*** EXERCISE INPUT ***
lemma exists_min_dim_excess_maximiser:
  obtains W0 where "subspace W0" "\<And>W. subspace W \<Longrightarrow> excess V W \<le> excess V W0"
    "\<And>W. subspace W \<Longrightarrow> excess V W = excess V W0 \<Longrightarrow> dim W0 \<le> dim W"
proof -
  define m where "m = Max (excess V ` Collect subspace)"
  have "excess V ` Collect subspace \<subseteq> {- int dimension .. int dimension}"
  proof (rule image_subsetI)
    fix W assume "W \<in> Collect subspace"
    then show "excess V W \<in> {- int dimension .. int dimension}"
      using dim_subset_UNIV[of "V \<inter> W"] dim_subset_UNIV[of W] rank_le_dim[of W]
      unfolding excess_def by simp
  qed
  then have fin: "finite (excess V ` Collect subspace)"
    by (rule finite_subset) simp
  have m_ge: "excess V W \<le> m" if "subspace W" for W
    unfolding m_def by (rule Max_ge[OF fin]) (use that in blast)
  have "m \<in> excess V ` Collect subspace"
    unfolding m_def using fin subspace_UNIV by (intro Max_in) auto
  then obtain Wm where "subspace Wm \<and> excess V Wm = m" by blast
  from ex_has_least_nat[of "\<lambda>W. subspace W \<and> excess V W = m", OF this]
  obtain W0 where W0: "subspace W0" "excess V W0 = m"
    and W0_min: "\<forall>W. subspace W \<and> excess V W = m \<longrightarrow> dim W0 \<le> dim W"
    by blast
  show thesis
    by (rule that[OF W0(1)]) (simp_all add: W0(2) m_ge W0_min)
qed

lemma q_cyclicI:
  assumes "\<And>x U. x \<in> W \<Longrightarrow> subspace U \<Longrightarrow> U \<subseteq> W \<Longrightarrow> x \<notin> U \<Longrightarrow> span (insert x U) = W
    \<Longrightarrow> \<rho> U = \<rho> W"
  shows "q_cyclic scale \<rho> W"
proof -
  have "\<rho> U = \<rho> W" if "x \<in> W" "subspace U" "U \<subseteq> W" "span (insert x U) = W" for x U
  proof (cases "x \<in> U")
    case True
    then have "span (insert x U) = U" using that(2) by (simp add: span_redundant span_base)
    with that(4) show ?thesis by simp
  qed (use that assms in blast)
  then show ?thesis
    unfolding q_cyclic_def q_cyc_def span_Un_span_singleton by auto
qed

lemma q_cyclic_same_rank_superset:
  assumes sV: "subspace V" and sW0: "subspace W0"
    and W0_max: "\<And>W. subspace W \<Longrightarrow> excess V W \<le> excess V W0"
    and W0_min: "\<And>W. subspace W \<Longrightarrow> excess V W = excess V W0 \<Longrightarrow> dim W0 \<le> dim W"
    and sW1: "subspace W1" and W0_W1: "W0 \<subseteq> W1" and rank_W1: "\<rho> W1 = \<rho> W0"
  shows "q_cyclic scale \<rho> W1"
proof (rule q_cyclicI)
  fix x U
  assume sU: "subspace U" and U_W1: "U \<subseteq> W1" and "x \<notin> U" and span_xU: "span (insert x U) = W1"
  show "\<rho> U = \<rho> W1"
  proof (rule ccontr)
    assume "\<rho> U \<noteq> \<rho> W1"
    moreover have "\<rho> W1 \<le> Suc (\<rho> U)"
      using rank_span_insert_le[OF sU, of x] unfolding span_xU .
    ultimately have rank_U: "\<rho> W1 = Suc (\<rho> U)"
      using rank_mono[OF sU sW1 U_W1] by simp
    have dim_W1: "dim W1 = Suc (dim U)"
      using dim_span_insert[OF sU \<open>x \<notin> U\<close>] unfolding span_xU .
    have "excess V W1 \<le> excess V U"
      using dim_Int_add_le[OF sV sU sW1 U_W1] dim_W1 rank_U unfolding excess_def by simp
    moreover have "excess V W0 \<le> excess V W1" using W0_W1 rank_W1 by (rule excess_mono_same_rank)
    ultimately have "excess V U = excess V W0" using W0_max[OF sU] by simp
    then have "excess V (U \<inter> W0) = excess V W0"
      using excess_supermodular[OF sV sU sW0] W0_max[of "span (U \<union> W0)"] W0_max[of "U \<inter> W0"]
        subspace_inter[OF sU sW0] by simp
    then have "U \<inter> W0 = W0"
      using W0_min subspace_dim_equal[of "U \<inter> W0" W0] subspace_inter[OF sU sW0] sW0 by blast
    then have "\<rho> W0 \<le> \<rho> U" using rank_mono[OF sW0 sU] by blast
    then show False using rank_U rank_W1 by simp
  qed
qed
*** End of EXERCISE INPUT ***
** AIM OF THE TASK **
Output only an exact transcription of the lines above from the one with "U \<Longrightarrow> span (insert x U) = W" up to and including the one with "using W0_min subspace_dim_equal[of".

** YOUR RESPONSE **
  assumes "\<And>x U. x \<in> W \<Longrightarrow> subspace U \<Longrightarrow> U \<subseteq> W \<Longrightarrow> x \<notin> U \<Longrightarrow> span (insert x U) = W
    \<Longrightarrow> \<rho> U = \<rho> W"
  shows "q_cyclic scale \<rho> W"
proof -
  have "\<rho> U = \<rho> W" if "x \<in> W" "subspace U" "U \<subseteq> W" "span (insert x U) = W" for x U
  proof (cases "x \<in> U")
    case True
    then have "span (insert x U) = U" using that(2) by (simp add: span_redundant span_base)
    with that(4) show ?thesis by simp
  qed (use that assms in blast)
  then show ?thesis
    unfolding q_cyclic_def q_cyc_def span_Un_span_singleton by auto
qed

lemma q_cyclic_same_rank_superset:
  assumes sV: "subspace V" and sW0: "subspace W0"
    and W0_max: "\<And>W. subspace W \<Longrightarrow> excess V W \<le> excess V W0"
    and W0_min: "\<And>W. subspace W \<Longrightarrow> excess V W = excess V W0 \<Longrightarrow> dim W0 \<le> dim W"
    and sW1: "subspace W1" and W0_W1: "W0 \<subseteq> W1" and rank_W1: "\<rho> W1 = \<rho> W0"
  shows "q_cyclic scale \<rho> W1"
proof (rule q_cyclicI)
  fix x U
  assume sU: "subspace U" and U_W1: "U \<subseteq> W1" and "x \<notin> U" and span_xU: "span (insert x U) = W1"
  show "\<rho> U = \<rho> W1"
  proof (rule ccontr)
    assume "\<rho> U \<noteq> \<rho> W1"
    moreover have "\<rho> W1 \<le> Suc (\<rho> U)"
      using rank_span_insert_le[OF sU, of x] unfolding span_xU .
    ultimately have rank_U: "\<rho> W1 = Suc (\<rho> U)"
      using rank_mono[OF sU sW1 U_W1] by simp
    have dim_W1: "dim W1 = Suc (dim U)"
      using dim_span_insert[OF sU \<open>x \<notin> U\<close>] unfolding span_xU .
    have "excess V W1 \<le> excess V U"
      using dim_Int_add_le[OF sV sU sW1 U_W1] dim_W1 rank_U unfolding excess_def by simp
    moreover have "excess V W0 \<le> excess V W1" using W0_W1 rank_W1 by (rule excess_mono_same_rank)
    ultimately have "excess V U = excess V W0" using W0_max[OF sU] by simp
    then have "excess V (U \<inter> W0) = excess V W0"
      using excess_supermodular[OF sV sU sW0] W0_max[of "span (U \<union> W0)"] W0_max[of "U \<inter> W0"]
        subspace_inter[OF sU sW0] by simp
    then have "U \<inter> W0 = W0"
      using W0_min subspace_dim_equal[of "U \<inter> W0" W0] subspace_inter[OF sU sW0] sW0 by blast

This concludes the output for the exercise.